Dataset entries:
((
(* Let $R$ be a commutative ring with identity, let $\boldsymbol{u}=(u_0,u_1,\dots)\in H_R$, and let $q(x)=\tau(x\boldsymbol{u})=(q_n(x))_{n\ge0}$, with $q_0(x)=1$ and $q_n(x)=\sum_{i=1}^nc_{i,n}x^i$ for $n\ge1$. Then $u_0=c_{1,1}$ and for every $m\ge2$, $$u_{m-1}=c_{1,m}+\sum_{\substack{k\mid m\\ k\neq1,m}}\frac{(-1)^{m/k}\,m!}{\frac{m}{k}\,(k!)^{m/k}}\,u_{k-1}.$$ In particular $u_{p-1}=c_{1,p}$ for every prime $p$.
   Context: $H_S$: sequences in a commutative ring $S$; $U_S$: those with first term $1$, a group under the Hurwitz product $(\boldsymbol{a}\star\boldsymbol{b})_n=\sum_{h=0}^n\binom{n}{h}a_hb_{n-h}$. Powers: for $\boldsymbol a=(1,a_1,\dots)\in U_S$ and $z\in S$, $\boldsymbol a^z[n]=\sum_{k=0}^nY_{n,k}(a_1,\dots,a_{n-k+1})\,z(z-1)\cdots(z-k+1)$ with $Y_{n,k}(y_1,y_2,\dots)=\sum\frac{n!}{\prod_l j_l!(l!)^{j_l}}\prod_ly_l^{j_l}$ over nonnegative $(j_l)$, $\sum j_l=k$, $\sum lj_l=n$ ($Y_{0,0}=1$, $Y_{n,0}=0$ for $n\ge1$); over $\mathbb Q$-algebras this is the sequence with e.g.f. $A(t)^z$. $\boldsymbol{b}^{(1)}=(1,1,1,\dots)$; for $i\ge2$, $\boldsymbol{b}^{(i)}$ has entries $1$ at positions $0$ and $i$, $0$ elsewhere. For $\boldsymbol z\in H_S$, $\tau(\boldsymbol z)\in U_S$ is the sequence whose first $n$ terms, for each $n\ge2$, are those of $(\boldsymbol{b}^{(1)})^{z_0}\star\cdots\star(\boldsymbol{b}^{(n-1)})^{z_{n-2}}$. Here $S=R[x]$ and $x\boldsymbol u=(xu_0,xu_1,\dots)$. *)

theory Defs
  imports "HOL-Computational_Algebra.Polynomial" "HOL-Computational_Algebra.Primes"
begin
(* Let $P=(T;U,V)$ be a 3M-DAP with $u = v+1$. Then $f(P) > x_u - x_v$.
   Context: A three-matrix division and assignment problem (3M-DAP) $P=(T;U,V)$ is specified by integers $t,u,v$ (numbers of columns), integers $s_t, s_u, s_v$ (numbers of rows) and rationals $x_t, x_u, x_v$ (required row sums), subject to: $t \ge 2$, $u \ge 2$, $v \ge 1$; if $v = 1$ then $v s_v \le (t-2)s_t$; $s_t > 0$, $s_u > 0$, $s_v \ge 0$; $s_u u + s_v v = s_t t$; $s_u x_u + s_v x_v = s_t x_t$; and $x_u/u < x_v/v$. A feasible solution assigns real values to the entries of an $s_t\times t$ matrix $T$, an $s_u \times u$ matrix $U$ and an $s_v \times v$ matrix $V$ so that every row of $T$, $U$, $V$ sums to $x_t$, $x_u$, $x_v$ respectively, and the multiset of entries of $T$ equals the multiset union of the entries of $U$ and $V$. $f(P)$ is the maximum, over feasible solutions, of the smallest entry of $T$. *)

theory Defs
  imports Main "HOL-Library.Multiset" Complex_Main
begin

text \<open>A three-matrix division and assignment problem P = (T;U,V), given by its parameters
  t u v (numbers of columns), st su sv (numbers of rows), xt xu xv (row sums).\<close>
definition is_3MDAP ::
  "nat \<Rightarrow> nat \<Rightarrow> nat \<Rightarrow> nat \<Rightarrow> nat \<Rightarrow> nat \<Rightarrow> real \<Rightarrow> real \<Rightarrow> real \<Rightarrow> bool" where
  "is_3MDAP t u v st su sv xt xu xv \<longleftrightarrow>
     xt \<in> \<rat> \<and> xu \<in> \<rat> \<and> xv \<in> \<rat> \<and>
     t \<ge> 2 \<and> u \<ge> 2 \<and> v \<ge> 1 \<and>
     (v = 1 \<longrightarrow> int v * int sv \<le> (int t - 2) * int st) \<and>
     st > 0 \<and> su > 0 \<and>
     su * u + sv * v = st * t \<and>
     real su * xu + real sv * xv = real st * xt \<and>
     xu / real u < xv / real v"

definition entries :: "(nat \<Rightarrow> nat \<Rightarrow> real) \<Rightarrow> nat \<Rightarrow> nat \<Rightarrow> real multiset" where
  "entries M m n = image_mset (\<lambda>(i,j). M i j) (mset_set ({..<m} \<times> {..<n}))"

definition feasible_3MDAP ::
  "nat \<Rightarrow> nat \<Rightarrow> nat \<Rightarrow> nat \<Rightarrow> nat \<Rightarrow> nat \<Rightarrow> real \<Rightarrow> real \<Rightarrow> real \<Rightarrow>
   (nat \<Rightarrow> nat \<Rightarrow> real) \<Rightarrow> (nat \<Rightarrow> nat \<Rightarrow> real) \<Rightarrow> (nat \<Rightarrow> nat \<Rightarrow> real) \<Rightarrow> bool" where
  "feasible_3MDAP t u v st su sv xt xu xv T U V \<longleftrightarrow>
     (\<forall>i<st. (\<Sum>j<t. T i j) = xt) \<and>
     (\<forall>i<su. (\<Sum>j<u. U i j) = xu) \<and>
     (\<forall>i<sv. (\<Sum>j<v. V i j) = xv) \<and>
     entries T st t = entries U su u + entries V sv v"

text \<open>f(P): the maximum over feasible solutions of the smallest entry of T
  (taken as the supremum; the paper asserts it is attained).\<close>
definition f_3MDAP ::
  "nat \<Rightarrow> nat \<Rightarrow> nat \<Rightarrow> nat \<Rightarrow> nat \<Rightarrow> nat \<Rightarrow> real \<Rightarrow> real \<Rightarrow> real \<Rightarrow> real" where
  "f_3MDAP t u v st su sv xt xu xv =
     Sup {Min ((\<lambda>(i,j). T i j) ` ({..<st} \<times> {..<t})) | T U V.
            feasible_3MDAP t u v st su sv xt xu xv T U V}"

end

theory Submission
  imports Defs
begin

text \<open>
  Adding d = xu - xv to every entry of a solution adds t d, u d, v d to the row sums. As
  u = v + 1, the problem shifted down by d asks for U- and V-rows with the same sum
  c = xv - v d, and c > 0 is exactly the hypothesis xu / u < xv / v. So it suffices to build
  a solution with equal U- and V-row sums c whose T-entries are all positive.

  For v = 1 every V-entry is c. T-row i contains k i of them, the increments of
  floor (i sv / st), and compensates with a pair Y (i + 1), c - Y i, where Y is affine in the
  fractional part of i sv / st. The pairs Y (i + 1), c - Y (i + 1) are U-rows, and
  Y st = Y 0 makes the multisets match.

  For v \<ge> 2 the entries of T, read row by row, form one sequence h + E (q + 1) - E q with
  0 \<le> E < h vanishing at multiples of t, so every T-row sums to t h. The entries at
  positions r and R + m + r (r < R = su + sv) add up to 2 h + P (r + 1) - P r, where P r is h
  times the fractional part of r su / R. The su pairs where r su / R passes an integer, padded
  with v - 1 entries h, are the U-rows; the other sv pairs, padded with v - 2 entries h, are
  the V-rows.
\<close>

lemma image_mset_mset_set_eq_sum:
  "finite A \<Longrightarrow> image_mset g (mset_set A) = (\<Sum>x\<in>A. {#g x#})"
  by (induction A rule: finite_induct) auto
lemma qve_solution_Im_identity:
  assumes "finite_measure M" and sol: "qve_solution M a s z u"
    and s_meas: "(\<lambda>(x, y). s x y) \<in> borel_measurable (M \<Otimes>\<^sub>M M)"
    and s_bdd: "bounded ((\<lambda>(x, y). s x y) ` (space M \<times> space M))"
    and x: "x \<in> space M"
  shows "Im (u x) / cmod (u x)
           = cmod (u x) * Im z + (\<integral>y. cmod (u x) * s x y * cmod (u y) * (Im (u y) / cmod (u y)) \<partial>M)"
proof -
  have [measurable]: "u \<in> borel_measurable M" "(\<lambda>(x, y). s x y) \<in> borel_measurable (M \<Otimes>\<^sub>M M)"
    using sol s_meas by (simp_all add: qve_solution_def)
  obtain Cu where Cu: "\<And>y. y \<in> space M \<Longrightarrow> cmod (u y) \<le> Cu"
    using sol unfolding qve_solution_def bounded_iff by auto
  obtain Cs where Cs: "\<And>y. y \<in> space M \<Longrightarrow> \<bar>s x y\<bar> \<le> Cs"
    using s_bdd x unfolding bounded_real by fastforce
  have "0 \<le> Cs" using Cs[OF x] abs_ge_zero order_trans by blast
  have u_pos: "0 < Im (u y)" if "y \<in> space M" for y using sol that by (simp add: qve_solution_def)
  have su_int: "integrable M (\<lambda>y. complex_of_real (s x y) * u y)"
    using x Cu Cs \<open>0 \<le> Cs\<close>
    by (intro finite_measure.integrable_const_bound[OF assms(1), where B="Cs * Cu"] AE_I2)
       (auto simp: norm_mult intro: mult_mono)
  have "Im (\<integral>y. complex_of_real (s x y) * u y \<partial>M) = (\<integral>y. s x y * Im (u y) \<partial>M)"
    using integral_Im[OF su_int] by simp
  moreover have "Im (- 1 / u x) = Im (u x) / (cmod (u x))\<^sup>2"
    by (simp add: Im_divide cmod_power2)
  moreover have "- 1 / u x = z + complex_of_real (a x) + (\<integral>y. complex_of_real (s x y) * u y \<partial>M)"
    using sol x by (simp add: qve_solution_def)
  ultimately have Im_eq: "Im (u x) / (cmod (u x))\<^sup>2 = Im z + (\<integral>y. s x y * Im (u y) \<partial>M)"
    by (metis Im_complex_of_real add.right_neutral plus_complex.sel(2))
  have "cmod (u x) > 0" using u_pos[OF x] by auto
  hence "Im (u x) / cmod (u x) = cmod (u x) * (Im (u x) / (cmod (u x))\<^sup>2)"
    by (simp add: power2_eq_square)
  also have "\<dots> = cmod (u x) * Im z + (\<integral>y. cmod (u x) * (s x y * Im (u y)) \<partial>M)"
    unfolding Im_eq by (simp add: distrib_left)
  also have "(\<integral>y. cmod (u x) * (s x y * Im (u y)) \<partial>M)
      = (\<integral>y. cmod (u x) * s x y * cmod (u y) * (Im (u y) / cmod (u y)) \<partial>M)"
    using u_pos by (intro Bochner_Integration.integral_cong) (auto simp: field_simps)
  finally show ?thesis .
qed

lemma qve_eigenvalue_formula:
  assumes kernel: "sym_kernel M (\<lambda>x y. cmod (u x) * s x y * cmod (u y)) B"
    and sol: "qve_solution M a s z u"
    and s_meas: "(\<lambda>(x, y). s x y) \<in> borel_measurable (M \<Otimes>\<^sub>M M)"
    and s_bdd: "bounded ((\<lambda>(x, y). s x y) ` (space M \<times> space M))"
    and f: "bounded_measurable M f" "\<And>x. x \<in> space M \<Longrightarrow> 0 \<le> f x" "\<not> (AE x in M. f x = 0)"
    and eigen: "AE x in M. Fop M s u f x = \<mu> * f x"
  shows "\<mu> = 1 - (\<integral>x. f x * cmod (u x) \<partial>M) * Im z / (\<integral>x. f x / cmod (u x) * Im (u x) \<partial>M)"
proof -
  interpret sym_kernel M "\<lambda>x y. cmod (u x) * s x y * cmod (u y)" B by (rule kernel)
  have [measurable]: "u \<in> borel_measurable M" using sol by (simp add: qve_solution_def)
  have u_pos: "0 < Im (u x)" if "x \<in> space M" for x using sol that by (simp add: qve_solution_def)
  hence cmod_pos: "0 < cmod (u x)" if "x \<in> space M" for x using that by fastforce
  define g where "g x = Im (u x) / cmod (u x)" for x
  define h where "h x = cmod (u x) * Im z" for x
  have g: "bounded_measurable M g"
  proof -
    have "\<bar>g x\<bar> \<le> 1" if "x \<in> space M" for x
      using abs_Im_le_cmod[of "u x"] cmod_pos[OF that] by (simp add: g_def abs_div divide_le_eq_1)
    moreover have "g \<in> borel_measurable M" unfolding g_def by measurable
    ultimately show ?thesis unfolding bounded_measurable_def by blast
  qed
  have "bounded_measurable M (\<lambda>x. cmod (u x))"
    using sol unfolding bounded_measurable_def qve_solution_def bounded_iff by auto
  hence h: "bounded_measurable M h"
    unfolding h_def by (rule bounded_measurable_mult[OF _ bounded_measurable_const])
  have g_eq: "g x = h x + K g x" if "x \<in> space M" for x
    using qve_solution_Im_identity[OF _ sol s_meas s_bdd that] finite_measure_axioms
    by (simp add: g_def h_def K_def)
  have "0 < (\<integral>x. f x * g x \<partial>M)"
    using f g_def u_pos cmod_pos
    by (intro integral_mult_pos bounded_measurable_integrable bounded_measurable_mult[OF f(1) g]) auto
  hence "\<mu> = 1 - (\<integral>x. f x * h x \<partial>M) / (\<integral>x. f x * g x \<partial>M)"
    using eigen Fop_eq_K[OF kernel] by (intro eigenvalue_eq_one_minus_ratio f(1) g h g_eq) auto
  thus ?thesis by (simp add: g_def h_def ac_simps)
qed

theorem mainTheorem5:
  fixes M :: "'a measure" and a :: "'a \<Rightarrow> real" and s :: "'a \<Rightarrow> 'a \<Rightarrow> real"
    and m :: "complex \<Rightarrow> 'a \<Rightarrow> complex" and z :: complex
  assumes prob: "prob_space M"
    and a_meas: "a \<in> borel_measurable M" and a_bdd: "bounded (a ` space M)"
    and s_meas: "(\<lambda>(x, y). s x y) \<in> borel_measurable (M \<Otimes>\<^sub>M M)"
    and s_bdd: "bounded ((\<lambda>(x, y). s x y) ` (space M \<times> space M))"
    and s_nonneg: "\<And>x y. x \<in> space M \<Longrightarrow> y \<in> space M \<Longrightarrow> s x y \<ge> 0"
    and s_sym: "\<And>x y. x \<in> space M \<Longrightarrow> y \<in> space M \<Longrightarrow> s x y = s y x"
    and m_sol: "\<And>w. Im w > 0 \<Longrightarrow> qve_solution M a s w (m w)"
    and m_uniq: "\<And>w u. Im w > 0 \<Longrightarrow> qve_solution M a s w u \<Longrightarrow> \<forall>x\<in>space M. u x = m w x"
    and z: "Im z > 0"
  shows "(\<exists>w. sq_integrable M w \<and> \<not> (AE x in M. w x = 0) \<and>
            (AE x in M. Fop M s (m z) w x = opnorm2 M (Fop M s (m z)) * w x))
       \<and> (\<exists>f. f \<in> borel_measurable M \<and> bounded (f ` space M) \<and> (\<forall>x\<in>space M. f x \<ge> 0) \<and>
            \<not> (AE x in M. f x = 0) \<and>
            (AE x in M. Fop M s (m z) f x = opnorm2 M (Fop M s (m z)) * f x))
       \<and> (\<forall>f. f \<in> borel_measurable M \<and> bounded (f ` space M) \<and> (\<forall>x\<in>space M. f x \<ge> 0) \<and>
            \<not> (AE x in M. f x = 0) \<and>
            (AE x in M. Fop M s (m z) f x = opnorm2 M (Fop M s (m z)) * f x) \<longrightarrow>
            opnorm2 M (Fop M s (m z)) =
              1 - (\<integral>x. f x * cmod (m z x) \<partial>M) * Im z
                  / (\<integral>x. f x / cmod (m z x) * Im (m z x) \<partial>M))"
proof -
  have sol: "qve_solution M a s z (m z)" by (rule m_sol[OF z])
  obtain B where kernel: "sym_kernel M (\<lambda>x y. cmod (m z x) * s x y * cmod (m z y)) B"
    using qve_solution_sym_kernel[OF prob s_meas s_bdd s_nonneg s_sym sol] .
  interpret sym_kernel M "\<lambda>x y. cmod (m z x) * s x y * cmod (m z y)" B by (rule kernel)
  have F: "Fop M s (m z) = K" by (rule Fop_eq_K[OF kernel])
  obtain f where f: "bounded_measurable M f" "\<And>x. x \<in> space M \<Longrightarrow> 0 \<le> f x"
    "\<not> (AE x in M. f x = 0)" "AE x in M. K f x = norm_K * f x"
    using exists_nonneg_eigenfunction by blast
  show ?thesis
    unfolding F
    using f bounded_measurable_sq_integrable[OF f(1)]
      qve_eigenvalue_formula[OF kernel sol s_meas s_bdd, unfolded F]
    by (auto simp: bounded_measurable_iff_bounded)
qed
))
**PROBLEM TO SOLVE:** Your task is to find each line in the entries that contains the string "bool" and copy it.

**ANSWER BOX:**
  "nat \<Rightarrow> nat \<Rightarrow> nat \<Rightarrow> nat \<Rightarrow> nat \<Rightarrow> nat \<Rightarrow> real \<Rightarrow> real \<Rightarrow> real \<Rightarrow> bool" where
   (nat \<Rightarrow> nat \<Rightarrow> real) \<Rightarrow> (nat \<Rightarrow> nat \<Rightarrow> real) \<Rightarrow> (nat \<Rightarrow> nat \<Rightarrow> real) \<Rightarrow> bool" where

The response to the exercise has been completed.